Имя сердцееда провалилось в многие прошедшие с тех пор дни, но я всегда узнавала его при встречах. А девушка вскоре вышла замуж и жила тихо и счастливо. О, судьбы…
Второй наш киномеханик Вовочка, низкорослый, головастый и некрасивый, был приезжим, жил на квартире около клуба. Его любили за искрометные шутки и за то, что он говорил на русском языке. Русских у нас любили. Рядом с Вовочкой всегда собиралась стайка слушателей всех возрастов, то и дело взрывающихся смехом от острот, сказанных с невозмутимым видом. Возраста Вовочка был неопределенного, какого-то среднего, годного для всех поколений. По прихоти какого-то случая он подружился с папой и часто вместе с ним и его дружками участвовал в рыбалках. Утром, когда рыбаки возвращались с реки и делили улов, в нашем дворе звенел смех, созывающий соседей — они понимали, что добытчики воротились с полными сетями и сейчас можно будет купить свежую рыбу, а то и раков. Торговля в этот день шла бойко и удачно. Сидевший на весах Вовочка отчаянно обвешивал простаков, возмещая незамеченный грешок неутомимыми шутками. И под шумок продавал не только нашу долю, но и свою.
Как ни нелепо было думать о Вовочке как об ухажере, но случилась и с ним любовная история, да еще с последствиями. От настойчивой бабенки, пытающейся повесить на него свою беременность, Вовочка сбежал, за что бессовестную гулену славгородцы невзлюбили так, что ей пришлось уехать в Запорожье. Кстати, ребенок у нее в тот раз так и не родился. Зато позже она вышла замуж и остепенилась.

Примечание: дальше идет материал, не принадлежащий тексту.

lemma nn_integral_gauss_measure_norm_exp_quadratic_powr:
  fixes \<alpha> p :: real and a c :: complex
  assumes \<alpha>: "\<alpha> > 0" and p: "p > 0"
  shows "(\<integral>\<^sup>+z. ennreal (cmod (exp (of_real \<alpha> * a * z + of_real (\<alpha> / 2) * c * z\<^sup>2)) powr p)
      \<partial>gauss_measure (\<alpha> * p / 2))
    = (if cmod c < 1
       then ennreal (1 / sqrt (1 - (cmod c)\<^sup>2)
         * exp (\<alpha> * p / 2 * (((cmod a)\<^sup>2 + Re (cnj c * a\<^sup>2)) / (1 - (cmod c)\<^sup>2))))
       else \<infinity>)"
proof -
  define \<beta> where "\<beta> = \<alpha> * p / 2"
  have \<beta>: "\<beta> > 0" using \<alpha> p by (simp add: \<beta>_def)
  have scale: "of_real p * (of_real \<alpha> * a * z + of_real (\<alpha> / 2) * c * z\<^sup>2)
      = of_real (2 * \<beta>) * a * z + of_real \<beta> * c * z\<^sup>2" for z :: complex
    by (simp add: \<beta>_def algebra_simps)
  have "cmod (exp w) powr p = exp (Re (of_real p * w))" for w :: complex
    by (simp add: norm_exp_eq_Re powr_def)
  then have pointwise: "cmod (exp (of_real \<alpha> * a * z + of_real (\<alpha> / 2) * c * z\<^sup>2)) powr p
      = exp (Re (of_real (2 * \<beta>) * a * z + of_real \<beta> * c * z\<^sup>2))" for z
    by (simp only: scale)
  have "(\<integral>\<^sup>+z. ennreal (cmod (exp (of_real \<alpha> * a * z + of_real (\<alpha> / 2) * c * z\<^sup>2)) powr p)
      \<partial>gauss_measure (\<alpha> * p / 2))
    = (if cmod (of_real \<beta> * c) < \<beta>
       then ennreal (\<beta> / sqrt (\<beta>\<^sup>2 - (cmod (of_real \<beta> * c))\<^sup>2)
         * exp ((\<beta> * (cmod (of_real (2 * \<beta>) * a))\<^sup>2 + Re (cnj (of_real \<beta> * c) * (of_real (2 * \<beta>) * a)\<^sup>2))
           / (4 * (\<beta>\<^sup>2 - (cmod (of_real \<beta> * c))\<^sup>2))))
       else \<infinity>)"
    unfolding pointwise \<beta>_def[symmetric]
    by (rule nn_integral_gauss_measure_exp_Re_quadratic[OF \<beta>])
  also have "cmod (of_real \<beta> * c) = \<beta> * cmod c"
    using \<beta> by (simp add: norm_mult)
  also have "(cmod (of_real (2 * \<beta>) * a))\<^sup>2 = 4 * \<beta>\<^sup>2 * (cmod a)\<^sup>2"
    using \<beta> by (simp add: norm_mult power_mult_distrib)
  also have "Re (cnj (of_real \<beta> * c) * (of_real (2 * \<beta>) * a)\<^sup>2) = 4 * \<beta> ^ 3 * Re (cnj c * a\<^sup>2)"
  proof -
    have "cnj (of_real \<beta> * c) * (of_real (2 * \<beta>) * a)\<^sup>2 = of_real (4 * \<beta> ^ 3) * (cnj c * a\<^sup>2)"
      by (simp add: power2_eq_square power3_eq_cube algebra_simps)
    then show ?thesis
      by (simp only:) simp
  qed
  also have "(if \<beta> * cmod c < \<beta>
       then ennreal (\<beta> / sqrt (\<beta>\<^sup>2 - (\<beta> * cmod c)\<^sup>2)
         * exp ((\<beta> * (4 * \<beta>\<^sup>2 * (cmod a)\<^sup>2) + 4 * \<beta> ^ 3 * Re (cnj c * a\<^sup>2))
           / (4 * (\<beta>\<^sup>2 - (\<beta> * cmod c)\<^sup>2))))
       else \<infinity>)
    = (if cmod c < 1
       then ennreal (1 / sqrt (1 - (cmod c)\<^sup>2)
         * exp (\<beta> * (((cmod a)\<^sup>2 + Re (cnj c * a\<^sup>2)) / (1 - (cmod c)\<^sup>2))))
       else \<infinity>)"
  proof (cases "cmod c < 1")
    case True
    define s where "s = 1 - (cmod c)\<^sup>2"
    have s: "s > 0"
      using True by (simp add: s_def power_less_one_iff)
    have "\<beta> * cmod c < \<beta>"
      using True \<beta> by simp
    moreover have "\<beta>\<^sup>2 - (\<beta> * cmod c)\<^sup>2 = \<beta>\<^sup>2 * s"
      by (simp add: s_def power_mult_distrib algebra_simps)
    moreover have "\<beta> / sqrt (\<beta>\<^sup>2 * s) = 1 / sqrt s"
      using \<beta> by (simp add: real_sqrt_mult)
    moreover have "(\<beta> * (4 * \<beta>\<^sup>2 * (cmod a)\<^sup>2) + 4 * \<beta> ^ 3 * Re (cnj c * a\<^sup>2)) / (4 * (\<beta>\<^sup>2 * s))
        = \<beta> * (((cmod a)\<^sup>2 + Re (cnj c * a\<^sup>2)) / s)"
      using \<beta> s by (simp add: field_simps power2_eq_square power3_eq_cube)
    ultimately show ?thesis
      using True by (simp only: if_True s_def)
  next
    case False
    then show ?thesis
      using \<beta> by simp
  qed
  finally show ?thesis unfolding \<beta>_def .
qed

Последним киномехаником из тех, что я помню, был дядя Ваня Самойленко, младший брат Григория Ивановича Самойленко, председателя сельпо, а значит, непосредственного начальника моей мамы. Дядя Ваня вступил на эту должность сразу после демобилизации из армии, молодым, неженатым, хотя мне всегда казалось, что он остается в одном возрасте — сорокалетнем. К девушкам он подозрительно интереса не проявлял, однако скоро удивил всех, женившись на Галине Зюзик, симпатичной барышне из ближнего колхозного хуторка Тургеневка. Когда только успел присмотреть? Тургеневские девушки ведь к нам в клуб не ходили.

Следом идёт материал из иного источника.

(* Let $\mathcal X$ be finite, $\hat P_0,\hat P_1$ distributions on $\mathcal X$ with full support, and for $\hat\gamma$ with $-D(\hat P_0\|\hat P_1)\le\hat\gamma\le D(\hat P_1\|\hat P_0)$ let $\hat Q_\lambda(x)=\hat P_0^{1-\lambda}(x)\hat P_1^{\lambda}(x)/\sum_a\hat P_0^{1-\lambda}(a)\hat P_1^{\lambda}(a)$ with $\lambda\in[0,1]$ solving $D(\hat Q_\lambda\|\hat P_0)-D(\hat Q_\lambda\|\hat P_1)=\hat\gamma$. Define, for $i\in\{0,1\}$ and a constant $\alpha>0$, $$\theta_i(\hat P_0,\hat P_1,\hat\gamma)=\frac2\alpha\mathrm{Var}_{\hat P_i}\Big(\frac{\hat Q_\lambda(X)}{\hat P_i(X)}\Big).$$ Then for every such $\hat\gamma$, $$\frac{\partial}{\partial\hat\gamma}\theta_0(\hat P_0,\hat P_1,\hat\gamma)\ge0,\qquad \frac{\partial}{\partial\hat\gamma}\theta_1(\hat P_0,\hat P_1,\hat\gamma)\le0.$$
   Context: $D$ denotes relative entropy. $\theta_i$ is the sensitivity of the worst-case error exponent of the mismatched likelihood ratio test (with test distributions $\hat P_0,\hat P_1$ and threshold $\hat\gamma$) to a divergence-ball mismatch of order/curvature $\alpha$. *)

theory Defs
  imports "HOL-Analysis.Analysis"
begin

definition full_support_dist :: "('a::finite \<Rightarrow> real) \<Rightarrow> bool" where
  "full_support_dist P \<longleftrightarrow> (\<forall>x. P x > 0) \<and> (\<Sum>x\<in>UNIV. P x) = 1"

definition KL :: "('a::finite \<Rightarrow> real) \<Rightarrow> ('a \<Rightarrow> real) \<Rightarrow> real" where
  "KL P Q = (\<Sum>x\<in>UNIV. P x * ln (P x / Q x))"

definition tilted :: "('a::finite \<Rightarrow> real) \<Rightarrow> ('a \<Rightarrow> real) \<Rightarrow> real \<Rightarrow> 'a \<Rightarrow> real" where
  "tilted P0 P1 l x =
     P0 x powr (1 - l) * P1 x powr l / (\<Sum>a\<in>UNIV. P0 a powr (1 - l) * P1 a powr l)"

definition tilt_param :: "('a::finite \<Rightarrow> real) \<Rightarrow> ('a \<Rightarrow> real) \<Rightarrow> real \<Rightarrow> real" where
  "tilt_param P0 P1 g =
     (THE l. l \<in> {0..1} \<and> KL (tilted P0 P1 l) P0 - KL (tilted P0 P1 l) P1 = g)"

Галина была на четыре-пять лет старше меня, но если мне было около десяти, а она окончила семилетку, то воспринимаемая разница наших лет превышала реальную и мне она казалась почти старой. К женитьбе дядя Ваня подошел основательно, выхлопотал в верхах должность билетера для жены, чтобы в рабочее время не разлучаться с нею. И Галина на долгие годы прочно уселась в кассе кинотеатра на законном основании. Пара эта мне нравилась, смотрелись они хорошо, жили тихо, дружно, всегда были с молодежью, шутили и смеялись. Есть такие люди, возраст которых не играет роли, они всем ровесники. Так и дядя Ваня. Несмотря на разницу в возрасте, он тоже подружился с моим папой и стал постоянным участником его рыбалок на правах любимого шутника. Это ему принадлежит знаменитая фраза: «Чувствую, тут зайчик лежит, а два — это точно».
Фильмы в нашем клубе крутили каждую неделю новые и только по отдельной просьбе зрителей могли задержать какой-то из них на более длительный срок.

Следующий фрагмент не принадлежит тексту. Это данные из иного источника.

section \<open>The Bellman recursion for the hitting probability\<close>

locale stochastic_digraph = iid_labels M w \<mu> "{1..h}"
  for M :: "'a measure" and w :: "nat \<Rightarrow> 'a \<Rightarrow> nat" and \<mu> :: "nat pmf" and h :: nat +
  fixes n :: nat and E :: "nat \<Rightarrow> (nat \<times> nat) set" and Q :: "nat set"
  assumes edges_in: "\<forall>s\<in>{1..h}. E s \<subseteq> {1..n} \<times> {1..n}"
    and no_dead_end: "\<not> (\<exists>i\<in>{1..n}. \<exists>s\<in>{1..h}. pmf \<mu> s > 0 \<and> outnb E i s = {})"
begin

lemma outnb_subset: "s \<in> {1..h} \<Longrightarrow> outnb E i s \<subseteq> {1..n}"
  using edges_in by (auto simp: outnb_def)

lemma outnb_nonempty:
  assumes "i \<in> {1..n}" "s \<in> set_pmf \<mu>"
  shows "outnb E i s \<noteq> {}"
proof -
  have "s \<in> {1..h}"
    using assms(2) set_pmf_subset_labels by (rule subsetD[rotated])
  moreover have "pmf \<mu> s > 0"
    using assms(2) by (rule pmf_positive)
  ultimately show ?thesis
    using no_dead_end assms(1) by auto
qed

definition successor_choices :: "nat \<Rightarrow> (nat \<Rightarrow> nat) set" where
  "successor_choices x = (\<Pi>\<^sub>E s\<in>set_pmf \<mu>. outnb E x s)"

lemma finite_successor_choices: "finite (successor_choices x)"
  unfolding successor_choices_def
  using rev_finite_subset[OF finite_atLeastAtMost outnb_subset] set_pmf_subset_labels
  by (intro finite_PiE finite_set_pmf) blast

lemma successor_choices_nonempty: "x \<in> {1..n} \<Longrightarrow> successor_choices x \<noteq> {}"
  by (simp add: successor_choices_def PiE_eq_empty_iff outnb_nonempty)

Шел 1960 год, приближались каникулы после моего 6-го класса. Лето. Мне купили новые босоножки и возникла необходимость надеть их первый раз «на выход», а не просто в школу. Повод — конечно, кино. Название очередной новинки обещало морскую историю — историко-революционный фильм Михаила Швейцера «Мичман Панин». Речь в нем шла о революционной деятельности моряков Балтийского флота в годы, предшествующие Первой мировой войне. Картина была снята по мотивам воспоминаний старого большевика Василия Лукича Панюшкина.
Сама по себе тема революции меня не интересовала, но среди перечисленных в афише актеров значился Иван Переверзев, необыкновенный красавец, запомнившийся по фильмам «Дело пестрых», «Голубая стрела», «Дорогой мой человек». Однако наибольшее впечатление осталось от его работы в научно-фантастическом фильме «Небо зовет», где он играл главную роль ученого Корнева.
Ну, тут соединились сразу все удовольствия: море и любимый актер — как было не пойти, да еще в новых босоножках? И я поспешила за билетом на ближайший удобный сеанс. Недолго думая купила два, второй — для Людки. Мы часто так делали.
И вот на наших глазах разворачивались события мая 1912 года. В военной крепости Кронштадт проходит суд над тринадцатью политическими заключенными. Приговор — смертная казнь через повешение. Подпольная большевистская организация крепости решает освободить заключенных во время их следования к месту казни. План удался, но как быть дальше? Освобожденные политзаключенные, отправившись в море на рыбацкой шхуне, вскоре оказались в безвыходном положении. Одним из тех, кому поручили продолжить эту опасную операцию, был Василий Панин — юнкер Военно-морского инженерного училища. Накануне он прибыл на военный корабль «Елизавета», который утром отправлялся в плавание к берегам Франции. Панин и другие большевики-матросы, находящиеся на «Елизавете», тайком приняли беглецов на борт корабля и спрятали в холодном котле.
Шли дни плавания. Однажды унтер-офицер Савичев, шныряющий по кораблю, обнаружил беглецов. И Панину пришлось сбросить его за борт. Наконец, «Елизавета» прибыла в Гавр, где беглецов благополучно свели на берег под видом уходящих в увольнение матросов. Разводящим команды был мичман Панин. Вечером из увольнения на корабль вернулось на тринадцать человек меньше. Догадавшись о причастности мичмана Панина к побегу осужденных на повешение людей, капитан корабля Сергеев предложил смельчаку отстать от судна и остаться во Франции, дабы избежать расправы. Так и сделали. Там Панин связался с большевиками-эмигрантами, и те снабдили его деньгами и паспортом для возвращения в Россию. Он получил также письмо от Ленина, в котором выражалось сожаление, что Панин оказался вне флота. И тогда мичман решил вернуться в Кронштадт на свой корабль. Но тут его арестовали и предали суду. На суде Панин рассказал выдуманную историю о своих любовных похождениях, и суд ограничился разжалованием его в рядовые. Став рядовым матросом, Панин снова включился в революционную борьбу.
Я помню роковую женщину, драгоценности и нитки жемчугов… — все сцены рассказа на суде, нафантазированные Паниным. Как он был красив в них! Нет, меня покорили не подвиги героя, не революционная романтика, а сам актер — молодой и красивый, умеющий убедительно перевоплощаться. Иван Переверзев получил от меня отставку, и я пошла на фильм «Мичман Панин» повторно, чтобы насмотреться на нового любимца и запомнить его навсегда.